2010 was a rough year for me, which made it a rough year for Backseat Writer. In turn, I lost my focus; I forgot why I created Backseat Writer. And I wasn’t about the business of bringing glory to God and His people, showcasing the amazing work of both the sacred and secular, and being a different voice on the Internet.
Oh, there were glimpses of it here and there, that shiny spark that makes Backseat Writer special, but on the whole, it’s been struggling. The problem, dear friends, is that compounding my personal problems, I became frustrated with what God has given me, or rather what I feel He “owes” me. I put my hand over my mouth, for I have spoken too soon.
God owes me nothing and He’s already given me a knack for writing, a uniquely female voice in an industry flooded with clever male writers. Instead of rooting for undiscovered musicians, delving into the deeper side of those I respect, and writing openly honest reviews, I got caught up in how many hits I was getting and how many comments people were leaving and what feedback I got from publicists about my work. It’s a miserable way to write and it’s really not me. I don’t want to be a people pleaser, but rather a person who is honoring God with my work. Maybe some of my work honored God; however, my heart was far from Him.
The end of a year and the precipice of a new year is the perfect time to review what works and what didn’t work, to change, and get a fresh start. While I don’t usually make New Year’s resolutions (because I break them three days after making them), this year I have you, my readers, to hold me accountable.
Here are my 2011 resolutions for Backseat Writer::
- To write fair and honest reviews of the material I receive from publicists. Let’s face it, I want to be nice and make everyone happy. I want to serve you, the reader. Nothing is worse than reading a positive review about a book or album that’s an absolute mess.
- To be discerning in the material and people I interview. I don’t want to just go for stats, but to write about people and music and books I find appealing. I’m tired of trudging through mediocre material. In the end, I just end up getting more mediocre material to review.
- To be more open about my own struggles. I feel like I really connect with you when I’m personal and open. This is the crux of my writing, where I really shine, but I’ve kept myself so closed. Pray for me as I relate my struggles to you so that we can both grow.

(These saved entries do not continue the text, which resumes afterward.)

lemma bin_prefix_bin_digit:
  assumes "0 < x" "x \<le> 1"
  shows "bin_prefix (bin_digit x) n = \<lceil>2 ^ n * x\<rceil> - 1"
proof (induction n)
  case 0
  show ?case
    using assms by (simp add: ceiling_unique)
next
  case (Suc n)
  define c where "c = \<lceil>2 ^ n * x\<rceil>"
  have "c - 1 < 2 ^ n * x" "2 ^ n * x \<le> c"
    unfolding c_def by linarith+
  then have "2 * c - 2 < 2 ^ Suc n * x" "2 ^ Suc n * x \<le> 2 * c"
    by auto
  then have "\<lceil>2 ^ Suc n * x\<rceil> = 2 * c \<or> \<lceil>2 ^ Suc n * x\<rceil> = 2 * c - 1"
    by linarith
  then show ?case
    using Suc by (auto simp: bin_digit_def c_def)
qed

lemma bin_val_bin_digit:
  assumes "0 < x" "x \<le> 1"
  shows "bin_val (bin_digit x) = x" and "infinite {n. bin_digit x n}"
proof -
  let ?P = "\<lambda>n. \<Sum>k<n. of_bool (bin_digit x k) / (2::real) ^ Suc k"
  have P: "?P n = (\<lceil>2 ^ n * x\<rceil> - 1) / 2 ^ n" for n
    using bin_prefix_eq_sum[of "bin_digit x" n] bin_prefix_bin_digit[OF assms, of n]
    by (simp add: divide_simps)
  have lower: "x - 1 / 2 ^ n \<le> ?P n" and upper: "?P n < x" for n
  proof -
    have "2 ^ n * x \<le> \<lceil>2 ^ n * x\<rceil>" "\<lceil>2 ^ n * x\<rceil> < 2 ^ n * x + 1"
      by linarith+
    moreover have "(0::real) < 2 ^ n"
      by simp
    ultimately show "x - 1 / 2 ^ n \<le> ?P n" "?P n < x"
      unfolding P by (simp_all add: field_simps)
  qed
  have "(\<lambda>n. x - 1 / 2 ^ n) \<longlonglongrightarrow> x - 0"
    by (intro tendsto_diff tendsto_const LIMSEQ_divide_realpow_zero) auto
  then have approx: "(\<lambda>n. x - 1 / 2 ^ n) \<longlonglongrightarrow> x"
    by simp
  have "?P \<longlonglongrightarrow> x"
    by (rule tendsto_sandwich[OF _ _ approx tendsto_const])
      (use lower upper in \<open>auto intro!: always_eventually less_imp_le\<close>)
  then show val: "bin_val (bin_digit x) = x"
    unfolding bin_val_def sums_def[symmetric] by (rule sums_unique[symmetric])
  show "infinite {n. bin_digit x n}"
  proof
    assume "finite {n. bin_digit x n}"
    then obtain N where "\<And>n. bin_digit x n \<Longrightarrow> n < N"
      using finite_nat_set_iff_bounded by auto
    then have "(\<lambda>j. of_bool (bin_digit x (j + N)) / (2::real) ^ Suc (j + N)) = (\<lambda>_. 0)"
      by fastforce
    then have "bin_val (bin_digit x) = ?P N"
      using bin_val_split[of "bin_digit x" N] by simp
    then show False
      using val upper[of N] by simp
  qed
qed

lemma beta_eq_bin_digit:
  assumes "0 < x" "x \<le> 1"
  shows "beta x = bin_digit x"
  unfolding beta_def
proof (rule the_equality)
  show "infinite {n. bin_digit x n} \<and> x = (\<Sum>n. of_bool (bin_digit x n) / 2 ^ Suc n)"
    using bin_val_bin_digit[OF assms] unfolding bin_val_def by simp
next
  fix b
  assume "infinite {n. b n} \<and> x = (\<Sum>n. of_bool (b n) / 2 ^ Suc n)"
  then show "b = bin_digit x"
    using bin_digit_bin_val[of b] unfolding bin_val_def by simp
qed

lemma R_eq_bin_val: "0 < x \<Longrightarrow> x \<le> 1 \<Longrightarrow> R x = bin_val (rho (bin_digit x))"
  unfolding R_def bin_val_def using beta_eq_bin_digit by simp

section \<open>Continuity and jumps of R\<close>

lemma eventually_ceiling_eq_from_below:
  fixes f :: "'a \<Rightarrow> real"
  assumes "(f \<longlongrightarrow> l) F" "eventually (\<lambda>x. f x \<le> l) F"
  shows "eventually (\<lambda>x. \<lceil>f x\<rceil> = \<lceil>l\<rceil>) F"
proof -
  have "eventually (\<lambda>x. of_int \<lceil>l\<rceil> - 1 < f x) F"
    by (rule order_tendstoD(1)[OF assms(1)]) linarith
  with assms(2) show ?thesis
  proof eventually_elim
    case (elim x)
    then show ?case
      by (intro ceiling_unique) (auto intro: order.trans[OF _ le_of_int_ceiling])
  qed
qed

lemma eventually_bin_digit_eq:
  fixes x :: real
  assumes "(\<forall>y\<in>S. y \<le> x) \<or> (\<forall>n::nat. 2 ^ n * x \<notin> \<int>)"
  shows "eventually (\<lambda>y. \<forall>n<M. bin_digit y n = bin_digit x n) (at x within S)"
proof -
  have id: "((\<lambda>y. y) \<longlongrightarrow> x) (at x within S)"
    by (rule tendsto_ident_at)
  have ceiling_eq: "eventually (\<lambda>y. \<lceil>2 ^ l * y\<rceil> = \<lceil>2 ^ l * x\<rceil>) (at x within S)" for l :: nat
    using assms
  proof
    assume "\<forall>y\<in>S. y \<le> x"
    then have "eventually (\<lambda>y. 2 ^ l * y \<le> 2 ^ l * x) (at x within S)"
      by (auto simp: eventually_at_filter)
    then show ?thesis
      by (intro eventually_ceiling_eq_from_below tendsto_mult_left id)
  next
    assume "\<forall>n::nat. 2 ^ n * x \<notin> \<int>"
    then show ?thesis
      by (intro eventually_ceiling_eq tendsto_mult_left id) auto
  qed
  have "eventually (\<lambda>y. \<forall>n\<in>{..<M}. \<lceil>2 ^ Suc n * y\<rceil> = \<lceil>2 ^ Suc n * x\<rceil>) (at x within S)"
    by (intro eventually_ball_finite ballI ceiling_eq) simp
  then show ?thesis
    by eventually_elim (simp add: bin_digit_def)
qed

lemma R_continuous_within:
  fixes x :: real
  assumes x: "0 < x" "x \<le> 1" and S: "S \<subseteq> {0..1}"
    and side: "(\<forall>y\<in>S. y \<le> x) \<or> (\<forall>n::nat. 2 ^ n * x \<notin> \<int>)"
  shows "continuous (at x within S) R"
  unfolding continuous_within tendsto_iff
proof (intro allI impI)
  fix e :: real
  assume "e > 0"
  then obtain K where K: "1 / 2 ^ K < e"
    using real_arch_pow_inv[of e "1/2"] by (auto simp: power_divide)
  define M where "M = enumerate {n. bin_digit x n} K"
  have inf_x: "infinite {n. bin_digit x n}"
    using bin_val_bin_digit[OF x] by simp
  have "eventually (\<lambda>y. y \<in> S) (at x within S)"
    by (simp add: eventually_at_filter)
  moreover have "eventually (\<lambda>y. 0 < y) (at x within S)"
    by (rule order_tendstoD(1)[OF tendsto_ident_at x(1)])
  ultimately show "eventually (\<lambda>y. dist (R y) (R x) < e) (at x within S)"
    using eventually_bin_digit_eq[OF side, of M]
  proof eventually_elim
    case (elim y)
    then have y: "0 < y" "y \<le> 1"
      using S by auto
    have "rho (bin_digit y) k = rho (bin_digit x) k" if "k < K" for k
      using rho_eq_if_prefix_eq[of "bin_digit x" "bin_digit y" M k] elim(3) inf_x
        bin_val_bin_digit(2)[OF y] card_less_enumerate[OF inf_x, of K] that by (simp add: M_def)
    then have "\<bar>R y - R x\<bar> \<le> 1 / 2 ^ K"
      unfolding R_eq_bin_val[OF x] R_eq_bin_val[OF y] by (rule bin_val_diff_le)
    with K show ?case
      by (simp add: dist_real_def)
  qed
qed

- To be keep God on the forefront. This doesn’t mean that everything I review is going to be marketed to Christians. Rather, I want to remember that what I do is for His glory, not my own. I don’t write to make publicists happy or get free materials, but to glorify God with this talent He has given me.
- To never, never, never, never give up. When my illness overtakes me, my posts may slow down, but I won’t give up. I won’t give in. I will still write as long as God allows. However, sometimes I just need a break…and I will take that break when necessary.
My resolutions may seem like simplistic no brainers, but they are very important to me. I need a renewed focus for Backseat Writer in 2011. I also want to be accountable to you because you have faithfully come back to my site time and again. Without you, there would be no one to read my writings. A writer with no readers—well, that’s a sad circumstance indeed.
Thank you for all your support over the years and for joining me for a brand new year of fun in 2011.
*Note: This is a pre-scheduled post. Technically, I’m still on holiday break. I’ll be checking, but new material won’t me up for a week or two.*
So, what do you think? Making any resolutions of your own?